# Orvis for saltwater?



## JIMMYZ750 (Feb 20, 2007)

Just startin out and does anyone know if a Orvis Rocky Mountain 7/8 w/8wt and Orvis Clear Water 9'8wt 2pc rod would be OK for saltwater flats?
Thanks, Jimmy


----------



## skinny_water (Jun 11, 2008)

Are these rods that you have already, or that you want to buy?

A fly rod is a fly rod, just some cast differently than others. But for Orvis questions, Capt. John will have to chime in...

The only thing that may change is the type of line that you are using. One that can take the warmer climate, floats better, not bright orange...


----------



## JIMMYZ750 (Feb 20, 2007)

Have opportunity to buy the combo but not sure if the reel is designed for saltwater use or like a trolling motor that is not designed specifically for saltwater but will work just fine


----------



## skinny_water (Jun 11, 2008)

A fly reel is a fly reel. Some are exposed drag, some are sealed drag. If you take care of your equipment you don't have anything to worry about. There are no real gears that corrode, you may get salt build up in some areas that can be taken care of with a hose.

-Richard


----------



## BigAlPachecko (Nov 27, 2008)

As long as you don't drop it on a rock and bend it, and you rinse well after each use, this reel would probably do fine for most 8 wt SW species (redfish, snook, trout, small jacks). Bonefish might be a little fast for a reel without a decent drag, but then agan, if you learn to palm the reel carefully you can still get by just fine.   

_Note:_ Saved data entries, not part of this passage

lemma (in prob_space) AE_finite_occurring_events:
  fixes E :: "'i::countable \<Rightarrow> 'a set"
  assumes ev: "\<And>i. i \<in> I \<Longrightarrow> E i \<in> events"
    and bounded: "\<And>F. finite F \<Longrightarrow> F \<subseteq> I \<Longrightarrow> (\<Sum>i\<in>F. prob (E i)) \<le> C"
  shows "AE \<omega> in M. finite {i\<in>I. \<omega> \<in> E i}"
proof -
  define A where "A n = (if n \<in> to_nat ` I then E (from_nat n) else {})" for n
  have A_ev: "A n \<in> events" for n using ev by (auto simp: A_def)
  have "(\<Sum>n<N. prob (A n)) \<le> C" for N
  proof -
    define F where "F = {i\<in>I. to_nat i < N}"
    have "{n\<in>{..<N}. n \<in> to_nat ` I} = to_nat ` F" by (auto simp: F_def)
    moreover have "finite (to_nat ` F)"
      by (rule finite_subset[of _ "{..<N}"]) (auto simp: F_def)
    ultimately have "finite F" by (simp add: finite_image_iff)
    have "(\<Sum>n<N. prob (A n)) = (\<Sum>n\<in>{n\<in>{..<N}. n \<in> to_nat ` I}. prob (E (from_nat n)))"
      unfolding A_def if_distrib measure_empty by (rule sum.inter_filter[symmetric]) simp
    also have "\<dots> = (\<Sum>i\<in>F. prob (E i))"
      unfolding \<open>{n\<in>{..<N}. n \<in> to_nat ` I} = to_nat ` F\<close> by (simp add: sum.reindex)
    also have "\<dots> \<le> C" using bounded \<open>finite F\<close> by (auto simp: F_def)
    finally show ?thesis .
  qed
  then have "summable (\<lambda>n. prob (A n))"
    by (intro summableI_nonneg_bounded) auto
  then have "AE \<omega> in M. eventually (\<lambda>n. \<omega> \<in> space M - A n) sequentially"
    using A_ev by (intro borel_cantelli_AE1) (auto simp: less_top[symmetric])
  then show ?thesis
  proof (rule AE_mp, intro AE_I2 impI)
    fix \<omega> assume "eventually (\<lambda>n. \<omega> \<in> space M - A n) sequentially"
    then obtain N where N: "\<And>n. n \<ge> N \<Longrightarrow> \<omega> \<notin> A n" by (auto simp: eventually_sequentially)
    have "{i\<in>I. \<omega> \<in> E i} \<subseteq> from_nat ` {..<N}"
    proof
      fix i assume i: "i \<in> {i\<in>I. \<omega> \<in> E i}"
      then have "\<omega> \<in> A (to_nat i)" by (auto simp: A_def)
      then have "to_nat i < N" using N not_le by blast
      then show "i \<in> from_nat ` {..<N}" by (metis from_nat_to_nat image_eqI lessThan_iff)
    qed
    then show "finite {i\<in>I. \<omega> \<in> E i}" by (rule finite_subset) simp
  qed
qed
lemma integral_inverse_a_le:
  assumes "0 < p" "p \<le> q"
  shows "integral {p..q} (\<lambda>t. 1 / a t) \<le> (q - p) / a p"
proof -
  have "integral {p..q} (\<lambda>t. 1 / a t) \<le> integral {p..q} (\<lambda>_. 1 / a p)"
  proof (rule integral_le[OF integrable_continuous_real[OF continuous_on_inverse_a[OF assms(1)]]
        integrable_const_ivl])
    fix t assume "t \<in> {p..q}"
    then show "1 / a t \<le> 1 / a p" using a_le[of p t] a_pos[of p] assms by (simp add: frac_le)
  qed
  then show ?thesis using assms by simp
qed

definition scaled_inverse_integral :: "real \<Rightarrow> real \<Rightarrow> real" where
  "scaled_inverse_integral c u = a u * integral {u..c} (\<lambda>t. 1 / a t)"

lemma scaled_inverse_integral_nonneg: "0 < u \<Longrightarrow> 0 \<le> scaled_inverse_integral c u"
  unfolding scaled_inverse_integral_def
  by (intro mult_nonneg_nonneg a_nonneg integral_nonneg integrable_continuous_real
      continuous_on_inverse_a) (auto simp: a_nonneg)

lemma scaled_inverse_integral_le:
  assumes "0 < u" "u \<le> d" "d \<le> c"
  shows "scaled_inverse_integral c u \<le> d + a u * (c / a d)"
proof -
  have pos: "0 < a u" "0 < a d" using a_pos assms by auto
  \<comment> \<open>On \<open>[u, d]\<close> the integrand is at most \<open>1 / a u\<close>, which cancels the factor \<open>a u\<close>.\<close>
  have "integral {u..d} (\<lambda>t. 1 / a t) + integral {d..c} (\<lambda>t. 1 / a t) = integral {u..c} (\<lambda>t. 1 / a t)"
    by (rule Henstock_Kurzweil_Integration.integral_combine)
       (use assms in \<open>auto intro!: integrable_continuous_real continuous_on_inverse_a\<close>)
  then have "scaled_inverse_integral c u
      = a u * integral {u..d} (\<lambda>t. 1 / a t) + a u * integral {d..c} (\<lambda>t. 1 / a t)"
    unfolding scaled_inverse_integral_def by (metis distrib_left)
  also have "a u * integral {u..d} (\<lambda>t. 1 / a t) \<le> a u * ((d - u) / a u)"
    using integral_inverse_a_le[of u d] assms pos by (intro mult_left_mono) auto
  also have "a u * ((d - u) / a u) \<le> d" using pos assms by simp
  also have "a u * integral {d..c} (\<lambda>t. 1 / a t) \<le> a u * (c / a d)"
  proof (rule mult_left_mono)
    have "(c - d) / a d \<le> c / a d" using pos assms by (intro divide_right_mono) auto
    then show "integral {d..c} (\<lambda>t. 1 / a t) \<le> c / a d"
      using integral_inverse_a_le[of d c] assms by linarith
  qed (use pos in simp)
  finally show ?thesis by simp
qed

lemma scaled_inverse_integral_tendsto_0:
  assumes c: "0 < c"
  shows "((\<lambda>u. scaled_inverse_integral c \<bar>u\<bar>) \<longlongrightarrow> 0) (at 0)"
proof (rule tendstoI)
  fix \<epsilon> :: real assume "0 < \<epsilon>"
  define d where "d = min (\<epsilon>/2) c"
  have d: "0 < d" "d \<le> \<epsilon>/2" "d \<le> c" using c \<open>0 < \<epsilon>\<close> by (auto simp: d_def)
  have ad: "0 < a d" using a_pos[of d] d by simp
  have "(a \<longlongrightarrow> 0) (at 0)" using isCont_a[of 0] by (simp add: isCont_def a_0)
  then have "\<forall>\<^sub>F u in at 0. a u < \<epsilon> / 2 / (c / a d)"
    by (rule order_tendstoD) (use \<open>0 < \<epsilon>\<close> c ad in simp)
  moreover have "\<forall>\<^sub>F u in at (0::real). u \<noteq> 0 \<and> \<bar>u\<bar> < d"
    using eventually_at[of "\<lambda>u. u \<noteq> 0 \<and> \<bar>u\<bar> < d" 0 UNIV] d by (auto simp: dist_real_def)
  ultimately show "\<forall>\<^sub>F u in at 0. dist (scaled_inverse_integral c \<bar>u\<bar>) 0 < \<epsilon>"
  proof eventually_elim
    case (elim u)
    then have "a \<bar>u\<bar> * (c / a d) < \<epsilon> / 2" using c ad by (simp add: a_abs field_simps)
    then have "scaled_inverse_integral c \<bar>u\<bar> < \<epsilon>"
      using scaled_inverse_integral_le[of "\<bar>u\<bar>" d c] elim d by linarith
    then show ?case using scaled_inverse_integral_nonneg[of "\<bar>u\<bar>" c] elim by simp
  qed
qed

lemma isCont_scaled_inverse_integral_abs: "0 < c \<Longrightarrow> isCont (\<lambda>u. scaled_inverse_integral c \<bar>u\<bar>) 0"
  using scaled_inverse_integral_tendsto_0 by (simp add: isCont_def scaled_inverse_integral_def a_0)

lemma chi_eq_integral_chi_kernel: "chi a s \<tau> = integral {s..\<tau>} (chi_kernel \<tau>)"
  by (simp add: chi_def chi_kernel_def[abs_def])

The rod: a broomstick would be a fine place to start learning to cast. Buy what you can afford. Even cheap rods are pretty good once you know how to throw them. Then, if you fall in love with the stroke, you'll find a higher end rod will give you a more pleasurable experience. And isn't that what it's really all about?


----------



## Shadowcast (Feb 26, 2008)

> But for Orvis questions, Capt. Jon will have to chime in...

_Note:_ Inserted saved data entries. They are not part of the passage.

lemma k0_of_spec:
  assumes "\<bar>lam\<bar> < 1"
  shows "0 < k0_of lam \<and> \<bar>lam\<bar> \<le> (real (k0_of lam) / (real (k0_of lam) + 1))\<^sup>2"
proof -
  have "(\<lambda>k. (real k / real (Suc k))\<^sup>2) \<longlonglongrightarrow> 1\<^sup>2"
    by (intro tendsto_power LIMSEQ_n_over_Suc_n)
  then have "\<forall>\<^sub>F k in sequentially. \<bar>lam\<bar> < (real k / real (Suc k))\<^sup>2"
    using assms by (intro order_tendstoD(1)) simp_all
  then obtain N where N: "\<And>k. N \<le> k \<Longrightarrow> \<bar>lam\<bar> < (real k / real (Suc k))\<^sup>2"
    unfolding eventually_sequentially by blast
  have "\<bar>lam\<bar> < (real (Suc N) / real (Suc (Suc N)))\<^sup>2"
    by (rule N) simp
  then have "\<bar>lam\<bar> \<le> (real (Suc N) / (real (Suc N) + 1))\<^sup>2"
    by (simp only: of_nat_Suc[of "Suc N"] add.commute[of 1])
  then have "\<exists>k::nat. 0 < k \<and> \<bar>lam\<bar> \<le> (real k / (real k + 1))\<^sup>2"
    using zero_less_Suc by blast
  then show ?thesis
    unfolding k0_of_def by (rule LeastI_ex)
qed

lemma rate_step_ineq:
  fixes m k :: real
  assumes "1 \<le> m" "m \<le> k + 2" "0 \<le> k"
  shows "(m / (m + 1))\<^sup>2 * (k / (k + 2) * (2 * m / (k + 2)) + 2 / (k + 2)) \<le> 2 * m / (k + 3)"
proof -
  define r where "r = m * (k + 3) * (k * m + k + 2) / ((m + 1) * (k + 2))\<^sup>2"
  have "m * (k + 3) \<le> (m + 1) * (k + 2)" "k * m + k + 2 \<le> (m + 1) * (k + 2)"
    using assms by (auto simp: algebra_simps)
  then have "m * (k + 3) * (k * m + k + 2) \<le> ((m + 1) * (k + 2)) * ((m + 1) * (k + 2))"
    by (rule mult_mono) (use assms in auto)
  then have "r \<le> 1"
    using assms by (simp add: r_def divide_le_eq power2_eq_square)
  have "k + 2 \<noteq> 0" "m + 1 \<noteq> 0" "k + 3 \<noteq> 0"
    using assms by auto
  then have "(m / (m + 1))\<^sup>2 * (k / (k + 2) * (2 * m / (k + 2)) + 2 / (k + 2)) = 2 * m / (k + 3) * r"
    by (simp add: r_def divide_simps power2_eq_square)
  also have "\<dots> \<le> 2 * m / (k + 3)"
    using \<open>r \<le> 1\<close> assms by (intro mult_left_le) auto
  finally show ?thesis .
qed

lemma consensus_recursion_bounded:
  fixes A \<Delta> :: "nat \<Rightarrow> real" and lam d :: real
  assumes lam: "0 \<le> lam" "lam \<le> 1" and d: "0 \<le> d"
    and init: "\<Delta> 1 \<le> d"
    and mix: "\<And>k. 1 \<le> k \<Longrightarrow> A k \<le> lam * \<Delta> k"
    and step: "\<And>k. 1 \<le> k \<Longrightarrow> \<Delta> (Suc k) \<le> real k / (real k + 2) * A k + 2 / (real k + 2) * d"
    and k: "1 \<le> k"
  shows "\<Delta> k \<le> d"
  using k
proof (induction k rule: nat_induct_at_least)
  case (Suc k)
  have "A k \<le> d"
    using mix[OF Suc.hyps] mult_left_mono[OF Suc.IH lam(1)] mult_left_le_one_le[OF d lam] by linarith
  then have "real k / (real k + 2) * A k \<le> real k / (real k + 2) * d"
    by (intro mult_left_mono) auto
  then have "\<Delta> (Suc k) \<le> real k / (real k + 2) * d + 2 / (real k + 2) * d"
    using step[OF Suc.hyps] by linarith
  also have "\<dots> = d"
    by (simp add: divide_simps) (simp add: algebra_simps)
  finally show ?case .
qed (rule init)

lemma consensus_recursion_bound:
  fixes A \<Delta> :: "nat \<Rightarrow> real" and lam m d :: real
  assumes lam: "0 \<le> lam" "lam \<le> (m / (m + 1))\<^sup>2" and m: "1 \<le> m" and d: "0 \<le> d"
    and init: "\<Delta> 1 \<le> d"
    and mix: "\<And>k. 1 \<le> k \<Longrightarrow> A k \<le> lam * \<Delta> k"
    and step: "\<And>k. 1 \<le> k \<Longrightarrow> \<Delta> (Suc k) \<le> real k / (real k + 2) * A k + 2 / (real k + 2) * d"
    and k: "1 \<le> k"
  shows "A k \<le> 2 * m * d / (real k + 2)"
proof -
  have "m / (m + 1) \<le> 1"
    using m by auto
  then have lam_le: "lam \<le> m / (m + 1)"
    using lam(2) mult_left_le_one_le[of "m / (m + 1)" "m / (m + 1)"] m by (simp add: power2_eq_square)
  have A_le: "A k \<le> lam * d" if "1 \<le> k" for k
    using mix[OF that] mult_left_mono[OF consensus_recursion_bounded[OF lam(1) _ d init mix step that] lam(1)]
      lam_le \<open>m / (m + 1) \<le> 1\<close> by linarith
  have early: "A k \<le> 2 * m * d / (real k + 2)" if "1 \<le> k" "real k \<le> 2 * m" for k
  proof -
    have "m / (m + 1) \<le> 2 * m / (real k + 2)"
      using that m by (simp add: divide_simps)
    have "A k \<le> lam * d"
      using A_le[OF that(1)] .
    also have "\<dots> \<le> m / (m + 1) * d"
      using lam_le d by (rule mult_right_mono)
    also have "\<dots> \<le> 2 * m / (real k + 2) * d"
      using \<open>m / (m + 1) \<le> 2 * m / (real k + 2)\<close> d by (rule mult_right_mono)
    finally show ?thesis
      by simp
  qed
  from k show ?thesis
  proof (induction k rule: nat_induct_at_least)
    case base
    show ?case
      using early[of 1] m by simp
  next
    case (Suc k)
    show ?case
    proof (cases "real (Suc k) \<le> 2 * m")
      case False
      then have "m \<le> real k + 2"
        using m by simp
      define F where "F = real k / (real k + 2) * (2 * m / (real k + 2)) + 2 / (real k + 2)"
      have "0 \<le> F"
        using m by (simp add: F_def)
      have "real k / (real k + 2) * A k \<le> real k / (real k + 2) * (2 * m * d / (real k + 2))"
        using Suc.IH by (intro mult_left_mono) auto
      then have "\<Delta> (Suc k) \<le> d * F"
        using step[OF Suc.hyps] by (simp add: F_def algebra_simps)
      have "A (Suc k) \<le> lam * \<Delta> (Suc k)"
        using mix by simp
      also have "\<dots> \<le> lam * (d * F)"
        using \<open>\<Delta> (Suc k) \<le> d * F\<close> lam(1) by (rule mult_left_mono)
      also have "\<dots> \<le> (m / (m + 1))\<^sup>2 * (d * F)"
        using lam(2) d \<open>0 \<le> F\<close> by (intro mult_right_mono) auto
      also have "\<dots> = d * ((m / (m + 1))\<^sup>2 * F)"
        by simp
      also have "\<dots> \<le> d * (2 * m / (real k + 3))"
        using rate_step_ineq[OF m \<open>m \<le> real k + 2\<close>] d by (intro mult_left_mono) (auto simp: F_def)
      finally show ?thesis
        by (simp add: add.commute mult.commute)
    qed (use early[of "Suc k"] in simp)
  qed
qed

theorem lemma1:
  fixes n :: nat and E :: "(nat \<times> nat) set" and C :: "nat \<Rightarrow> nat \<Rightarrow> real"
    and X :: "'a::euclidean_space set" and D L \<delta> :: real
    and f :: "nat \<Rightarrow> 'a \<Rightarrow> 'b \<Rightarrow> real" and g :: "nat \<Rightarrow> 'a \<Rightarrow> 'b \<Rightarrow> 'a"
    and \<xi> :: "nat \<Rightarrow> nat \<Rightarrow> 'b"
    and \<gamma> \<eta> :: "nat \<Rightarrow> real"
    and x xh y s p \<theta> :: "nat \<Rightarrow> nat \<Rightarrow> 'a"
  assumes n_pos: "0 < n"
    and graph: "connected_graph n E"
    and C_support: "\<forall>i<n. \<forall>j<n. j \<noteq> i \<and> (i, j) \<notin> E \<longrightarrow> C i j = 0"
    and C_ds: "doubly_stochastic n C"
    and lam_lt1: "second_eig_mag n C < 1"
    and contraction: "\<forall>z :: nat \<Rightarrow> 'a.
          sqrt (\<Sum>i<n. (norm ((\<Sum>j<n. C i j *\<^sub>R z j) - avg n z))\<^sup>2)
            \<le> second_eig_mag n C * sqrt (\<Sum>i<n. (norm (z i - avg n z))\<^sup>2)"
    and X_convex: "convex X" and X_compact: "compact X"
    and X_diam: "\<forall>u\<in>X. \<forall>v\<in>X. norm (u - v) \<le> D"
    and f_grad: "\<forall>i<n. \<forall>e u. ((\<lambda>v. f i v e) has_derivative (\<lambda>h. g i u e \<bullet> h)) (at u)"
    and g_lip: "\<forall>i<n. \<forall>e u v. norm (g i u e - g i v e) \<le> L * norm (u - v)"
    and gamma: "\<forall>k\<ge>1. 0 < \<gamma> k \<and> \<gamma> k \<le> 1"
    and eta: "\<forall>k. \<eta> k = 2 / (real k + 2)"
    and init: "\<forall>i<n. x 1 i \<in> X"
    and xh_def: "\<forall>k\<ge>1. \<forall>i<n. xh k i = (\<Sum>j<n. C i j *\<^sub>R x k j)"
    and y1: "\<forall>i<n. y 1 i = g i (xh 1 i) (\<xi> 1 i)"
    and s1: "\<forall>i<n. s 1 i = y 1 i"
    and y_rec: "\<forall>k\<ge>2. \<forall>i<n. y k i = (1 - \<gamma> k) *\<^sub>R y (k - 1) i + g i (xh k i) (\<xi> k i)
                   - (1 - \<gamma> k) *\<^sub>R g i (xh (k - 1) i) (\<xi> k i)"
    and s_rec: "\<forall>k\<ge>2. \<forall>i<n. s k i = (\<Sum>j<n. C i j *\<^sub>R s (k - 1) j) + y k i - y (k - 1) i"
    and p_def: "\<forall>k\<ge>1. \<forall>i<n. p k i = (\<Sum>j<n. C i j *\<^sub>R s k j)"
    and theta_lmo: "\<forall>k\<ge>1. \<forall>i<n. \<theta> k i \<in> X \<and> (\<forall>\<phi>\<in>X. p k i \<bullet> \<theta> k i \<le> p k i \<bullet> \<phi>)"
    and x_rec: "\<forall>k\<ge>1. \<forall>i<n. x (k + 1) i = xh k i + \<eta> k *\<^sub>R (\<theta> k i - xh k i)"
  shows "\<forall>i<n. \<forall>k\<ge>1. norm (xh k i - avg n (x k))
           \<le> 2 * (real (k0_of (second_eig_mag n C)) * sqrt (real n) * D) / (real k + 2)"

proof -
  define lam where "lam = second_eig_mag n C"
  define m where "m = k0_of lam"
  define d where "d = sqrt (real n) * D"
  have "0 \<le> lam" "lam < 1"
    using second_eig_mag_nonneg lam_lt1 by (auto simp: lam_def)
  then have m: "1 \<le> real m" "lam \<le> (real m / (real m + 1))\<^sup>2"
    using k0_of_spec[of lam] by (auto simp: m_def)
  have "0 \<le> D"
    using X_diam init n_pos by (metis norm_ge_zero order_trans)
  then have "0 \<le> d"
    by (simp add: d_def)
  have col: "\<forall>j<n. (\<Sum>i<n. C i j) = 1"
    using C_ds by (simp add: doubly_stochastic_def)
  have xh_avg: "avg n (xh k) = avg n (x k)"
    and xh_mix: "spread n (xh k) \<le> lam * spread n (x k)" if "1 \<le> k" for k
  proof -
    have "avg n (xh k) = avg n (\<lambda>i. \<Sum>j<n. C i j *\<^sub>R x k j)"
      "spread n (xh k) = spread n (\<lambda>i. \<Sum>j<n. C i j *\<^sub>R x k j)"
      using xh_def that by (auto intro!: avg_cong spread_cong)
    then show "avg n (xh k) = avg n (x k)" "spread n (xh k) \<le> lam * spread n (x k)"
      using avg_mix[OF col] spread_mix_le[OF col contraction[rule_format]] by (simp_all add: lam_def)
  qed
  have x_step: "spread n (x (Suc k)) \<le> real k / (real k + 2) * spread n (xh k) + 2 / (real k + 2) * d"
    if "1 \<le> k" for k
  proof -
    have \<eta>: "0 \<le> \<eta> k" "\<eta> k \<le> 1" "1 - \<eta> k = real k / (real k + 2)"
      by (simp_all add: eta divide_simps)
    have "\<forall>i<n. x (Suc k) i = xh k i + \<eta> k *\<^sub>R (\<theta> k i - xh k i)" "\<forall>i<n. \<theta> k i \<in> X"
      using x_rec theta_lmo that by simp_all
    from spread_frank_wolfe_update_le[OF this(1) \<eta>(1,2) this(2) X_diam]
    show ?thesis
      unfolding \<eta>(3) d_def by (simp add: eta)
  qed
  have "spread n (x 1) \<le> d"
    using init X_diam by (simp add: d_def spread_le_diameter)
  then have bound: "spread n (xh k) \<le> 2 * real m * d / (real k + 2)" if "1 \<le> k" for k
    using consensus_recursion_bound[where A = "\<lambda>k::nat. spread n (xh k)" and \<Delta> = "\<lambda>k::nat. spread n (x k)",
        OF \<open>0 \<le> lam\<close> m(2) m(1) \<open>0 \<le> d\<close>] xh_mix x_step that by blast
  show ?thesis
  proof (intro allI impI)
    fix i k :: nat
    assume "i < n" "1 \<le> k"
    then have "norm (xh k i - avg n (x k)) \<le> spread n (xh k)"
      using norm_sub_avg_le_spread[of i n "xh k"] xh_avg by simp
    also have "\<dots> \<le> 2 * real m * d / (real k + 2)"
      using bound \<open>1 \<le> k\<close> .
    finally show "norm (xh k i - avg n (x k))
        \<le> 2 * (real (k0_of (second_eig_mag n C)) * sqrt (real n) * D) / (real k + 2)"
      by (simp add: m_def lam_def d_def mult.assoc)
  qed
qed

end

Okay...I can do that. The rod and reel combo you are describing will do fine for the flats. 8 weight is the standard. However the Rocky Mtn reel is not the greatest reel for the money that Orvis makes. The Battenkill Mid-Arbor IV or Large Arbor IV are great reels for just a little bit more. You will get far better quality for your value. As far as the rod goes, Orvis revamped the Clearwater II series and now those rods have more quality with a great price.....plus they come in 4 piece models now, too. If you live in Orlando, I suggest you make a trip to Andy Thornal Co. in Winter Haven. They are an Orvis dealer and run combo specials all the time. Ask for Allen Wyatt....863-299-9999.


----------



## flyfisheraa573 (Jun 26, 2008)

I have both items that you are talking about, and would agree with most that has been said on here about them. I would suggest this though, if you are just starting out, look around. I picked up a mid range 8 wt Redington outfit for around $85 with line and backing. Granted the line wasn't great, but for a 4 pc rod, a composite reel, line and backing...I was pleased. Free shipping too!

I've got more 4, 5 & 6 wt stuff than I know what to do with, but I am lacking on the 8 wt items.


----------



## BigAlPachecko (Nov 27, 2008)

> The Battenkill Mid-Arbor IV or Large Arbor IV are great reels for just a little bit more.


This is an excellent point. I have a Battenkill mid-A in the 5 wt that I love for its quality, appearance, and apparent durability. Everyone I've talked to personally or read talk about them on the internet who has owned one has been very happy. In fact, I have friends who catch a lot of false albacore in NC, and they use 9 wt TFO rods with, guess what, Orvis Battenkill mid-arbor 9 wt reels. Don't tell your local shop they're using that reel on a false albacore: they'd call you crazy and talk you into a $600 reel.

One other piece of advice: I have the Battenkill Large Arbor III on a 6 wt rod. I like it for it's diameter of handle (my left hand spins over a larger circle easier when trying to really reel in fast), but the handle catches my flyline a lot (which annoys me), it doesn't carry enough backing for some of the fish I'm after, even in a 6wt, and it just doesn't seem nearly as sturdy as the Battenkill Mid-Arbor. Not that i've bent the frame yet, it just looks like I could.


----------



## deerfly (Mar 10, 2007)

ditto on the tuna's. I think they are the acid test for any fly reel and the only exception IMO where a high quality fly reel matters. Kingfish are a close second too. Either will heat up drag washers like few others. I've never used them, but if those Battenkills are holding up to those kinds fast and long runs then that is a testament to their quality for sure. At that price point they would be worth a hard look.


----------



## Capt._A_J (Mar 5, 2009)

BigAlPachecko is dead on right with the rinsing of equipment and lines post use in saltwater. Rod and reel capabilities are tested with the physical / athletic / skill of the angler. As in any sport, the equipment we choose will compliment our level of skill.


----------



## Green_Hornet (Nov 1, 2008)

I have the 2 piece 9' 8wt Clearwater rod myself. Had it for a year and am happy with it. I bought the Battenkill mid arbor reel to go with it. Good combo for me in saltwater.


----------



## TomFL (Oct 2, 2007)

> Just startin out and does anyone know if a Orvis Rocky Mountain 7/8 w/8wt and Orvis Clear Water 9'8wt 2pc rod would be OK for saltwater flats?
> Thanks, Jimmy


Why does it matter, you're just gonna sell it in 3 weeks and buy something else   

-T


----------



## skinny_water (Jun 11, 2008)

> > Just startin out and does anyone know if a Orvis Rocky Mountain 7/8 w/8wt and Orvis Clear Water 9'8wt 2pc rod would be OK for saltwater flats?
> > Thanks, Jimmy
> 
> 
> ...


So true...


----------